§ **Work required**: Your task is to gather the lines below that hold the string "intro".

§ **Data for review**:
lemma n_dvd_count_min:
  assumes "u \<inter># v = {#}" "val u = val v" "\<And>j. j \<in># u + v \<Longrightarrow> m \<le> j"
  shows "n dvd count u m"
proof (cases "m \<in># u")
  case True
  define M where "M = Max (set_mset (u + v))"
  have M: "j \<le> M" if "j \<in># u + v" for j unfolding M_def using that by simp
  let ?f = "\<lambda>j. n ^ (j - m) * d ^ (M - j)"
  have "val u * of_nat d ^ M = of_nat n ^ m * of_nat (sum_mset (image_mset ?f u))"
    by (rule val_mult_d_power) (use assms(3) M in auto)
  moreover have "val v * of_nat d ^ M = of_nat n ^ m * of_nat (sum_mset (image_mset ?f v))"
    by (rule val_mult_d_power) (use assms(3) M in auto)
  ultimately have "sum_mset (image_mset ?f u) = sum_mset (image_mset ?f v)"
    using assms(2) n_pos by (simp del: of_nat_sum_mset)
  moreover have "n dvd ?f j" if "j \<in># u + v" "j \<noteq> m" for j
  proof -
    have "j - m = Suc (j - m - 1)" using assms(3)[OF that(1)] that(2) by simp
    then show ?thesis by (metis dvd_mult2 dvd_triv_left power_Suc)
  qed
  moreover have "m \<notin># v" using True assms(1) by (auto simp: disjunct_not_in)
  moreover have "coprime n (?f m)" using coprime_n_d by simp
  ultimately show ?thesis by (intro dvd_count_if_sum_mset_eq[of u v m n ?f])
qed (simp add: not_in_iff)

lemma val_diff_eq:
  assumes "u \<noteq> v" "val u = val v"
  shows "(u - v) \<inter># (v - u) = {#}" "val (u - v) = val (v - u)" "u - v \<noteq> {#}" "v - u \<noteq> {#}"
proof -
  show "(u - v) \<inter># (v - u) = {#}" by (rule multiset_eqI) simp
  have u: "u = (u - v) + (u \<inter># v)" and v: "v = (v - u) + (u \<inter># v)"
    by (simp_all add: multiset_eq_iff min_def)
  then show eq: "val (u - v) = val (v - u)" using assms(2) by (metis add_right_cancel val_union)
  have "u - v \<noteq> {#} \<or> v - u \<noteq> {#}" using u v assms(1) by auto
  then show "u - v \<noteq> {#}" "v - u \<noteq> {#}" using eq val_eq_0_iff by metis+
qed

lemma max_le_size_diff:
  assumes "u \<noteq> v" "val u = val v"
  shows "max n d \<le> max (size (u - v)) (size (v - u))"
proof -
  define a b where "a = u - v" and "b = v - u"
  have ab: "a \<inter># b = {#}" "val a = val b" "a + b \<noteq> {#}"
    using val_diff_eq[OF assms] unfolding a_def b_def by auto
  have ba: "b \<inter># a = {#}" "val b = val a" using ab by (simp_all add: multiset_inter_commute)
  define M where "M = Max (set_mset (a + b))"
  define m where "m = Min (set_mset (a + b))"
  have M: "M \<in># a + b" "\<And>j. j \<in># a + b \<Longrightarrow> j \<le> M"
    and m: "m \<in># a + b" "\<And>j. j \<in># a + b \<Longrightarrow> m \<le> j"
    using ab(3) unfolding M_def m_def by (auto simp del: set_mset_union)
  have "d \<le> size a \<or> d \<le> size b"
    using M le_size_if_dvd_count d_dvd_count_max[OF ab(1,2)] d_dvd_count_max[OF ba]
    by (metis add.commute union_iff)
  moreover have "n \<le> size a \<or> n \<le> size b"
    using m le_size_if_dvd_count n_dvd_count_min[OF ab(1,2)] n_dvd_count_min[OF ba]
    by (metis add.commute union_iff)
  ultimately show ?thesis unfolding a_def b_def by auto
qed

definition move :: "nat multiset \<Rightarrow> nat multiset \<Rightarrow> bool" where
  "move u v \<longleftrightarrow> (\<exists>w k. u = w + replicate_mset d (Suc k) \<and> v = w + replicate_mset n k)"

definition adjacent :: "nat multiset \<Rightarrow> nat multiset \<Rightarrow> bool" where
  "adjacent u v \<longleftrightarrow> move u v \<or> move v u"

definition reduced :: "nat multiset \<Rightarrow> bool" where
  "reduced u \<longleftrightarrow> (\<forall>k. count u (Suc k) < d)"

lemma move_val: "move u v \<Longrightarrow> val u = val v"
  unfolding move_def using d_mult_power_Suc by auto

lemma move_size_diff:
  assumes "move u v"
  shows "size (u - v) = d" "size (v - u) = n"
proof -
  obtain w k where u: "u = w + replicate_mset d (Suc k)" and v: "v = w + replicate_mset n k"
    using assms unfolding move_def by auto
  have "u - v = replicate_mset d (Suc k)" "v - u = replicate_mset n k"
    unfolding u v by (auto simp: multiset_eq_iff)
  then show "size (u - v) = d" "size (v - u) = n" by simp_all
qed

lemma adjacent_val: "adjacent u v \<Longrightarrow> val u = val v"
  unfolding adjacent_def using move_val by metis

lemma adjacent_size: "adjacent u v \<Longrightarrow> size v = size u + gap \<or> size u = size v + gap"
  unfolding adjacent_def move_def gap_def by auto

lemma fdist_image_powers:
  "fdist (image_mset (\<lambda>k. r ^ k) u) (image_mset (\<lambda>k. r ^ k) v) = max (size (u - v)) (size (v - u))"
  by (simp add: fdist_eq_max_size_diff image_mset_diff_if_inj[OF inj_power, symmetric])

lemma inj_image_powers: "inj (image_mset (\<lambda>k. r ^ k))"
  by (rule multiset.inj_map[OF inj_power])

lemma fdist_adjacent:
  "adjacent u v \<Longrightarrow> fdist (image_mset (\<lambda>k. r ^ k) u) (image_mset (\<lambda>k. r ^ k) v) = max n d"
  unfolding adjacent_def fdist_image_powers by (auto simp: move_size_diff max.commute)

lemma adjacents_val: "adjacent\<^sup>*\<^sup>* u v \<Longrightarrow> val u = val v"
  by (induction rule: rtranclp_induct) (auto dest: adjacent_val)

lemma adjacents_size_mod: "adjacent\<^sup>*\<^sup>* u v \<Longrightarrow> size u mod gap = size v mod gap"
  by (induction rule: rtranclp_induct) (auto dest: adjacent_size)

lemma moves_imp_adjacents:
  assumes "move\<^sup>*\<^sup>* u v"
  shows "adjacent\<^sup>*\<^sup>* u v" "adjacent\<^sup>*\<^sup>* v u"
  using assms
  by (induction rule: rtranclp_induct)
     (auto simp: adjacent_def intro: rtranclp.rtrancl_into_rtrancl converse_rtranclp_into_rtranclp)

lemma moves_to_reduced: "\<exists>v. move\<^sup>*\<^sup>* u v \<and> reduced v"
proof (induction u rule: wf_induct[OF wf_mult[OF wf_less_than]])
  case (1 u)
  show ?case
  proof (cases "reduced u")
    case False
    then obtain k where "d \<le> count u (Suc k)" unfolding reduced_def by (auto simp: not_less)
    then obtain w where u: "u = w + replicate_mset d (Suc k)"
      by (metis count_le_replicate_mset_subset_eq subset_mset.add_diff_inverse add.commute)
    define v where "v = w + replicate_mset n k"
    have "move u v" unfolding move_def v_def using u by blast
    moreover have "(v, u) \<in> mult less_than"
      unfolding v_def u using two_le_d by (intro one_step_implies_mult) auto
    ultimately show ?thesis using 1 by (meson converse_rtranclp_into_rtranclp)
  qed blast
qed

lemma reduced_unique:
  assumes "reduced a" "reduced b" "val a = val b"
  shows "a = b"
proof (rule ccontr)
  assume "a \<noteq> b"
  define u v where "u = a - b" and "v = b - a"
  have uv: "u \<inter># v = {#}" "val u = val v" "u \<noteq> {#}" "v \<noteq> {#}"
    using val_diff_eq[OF \<open>a \<noteq> b\<close> assms(3)] unfolding u_def v_def by auto
  define M where "M = Max (set_mset (u + v))"
  have M: "M \<in># u + v" "\<And>j. j \<in># u + v \<Longrightarrow> j \<le> M"
    using uv(3) unfolding M_def by (auto simp del: set_mset_union)
  show False
  proof (cases M)
    case 0
    obtain x y where "x \<in># u" "y \<in># v" using uv(3,4) by (meson multiset_nonemptyE)
    then have "0 \<in># u" "0 \<in># v" using M(2)[of x] M(2)[of y] 0 by auto
    then show False using uv(1) by (auto simp: disjunct_not_in)
  next
    case (Suc k)
    have "count u M \<le> count a M" "count v M \<le> count b M" unfolding u_def v_def by simp_all
    then have "count u M < d" "count v M < d"
      using assms(1,2) Suc unfolding reduced_def by (metis le_less_trans)+
    moreover have "d dvd count u M" using uv(1,2) M(2) by (rule d_dvd_count_max)
    moreover have "v \<inter># u = {#}" "val v = val u" using uv(1,2) by (simp_all add: multiset_inter_commute)
    then have "d dvd count v M" by (rule d_dvd_count_max) (use M(2) in auto)
    ultimately have "count u M = 0" "count v M = 0" by (auto dest: dvd_imp_le)
    then show False using M(1) by (auto simp: count_eq_zero_iff)
  qed
qed

lemma adjacents_if_val_eq:
  assumes "val u = val v"
  shows "adjacent\<^sup>*\<^sup>* u v"
proof -
  obtain a b where a: "move\<^sup>*\<^sup>* u a" "reduced a" and b: "move\<^sup>*\<^sup>* v b" "reduced b"
    using moves_to_reduced by meson
  have "val a = val b"
    using a(1) b(1) assms by (metis adjacents_val moves_imp_adjacents(1))
  then have "a = b" using reduced_unique a(2) b(2) by blast
  then show ?thesis using moves_imp_adjacents a(1) b(1) by (meson rtranclp_trans)
qed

§ **Solved problem**:
  ultimately show ?thesis by (intro dvd_count_if_sum_mset_eq[of u v m n ?f])
     (auto simp: adjacent_def intro: rtranclp.rtrancl_into_rtrancl converse_rtranclp_into_rtranclp)
      unfolding v_def u using two_le_d by (intro one_step_implies_mult) auto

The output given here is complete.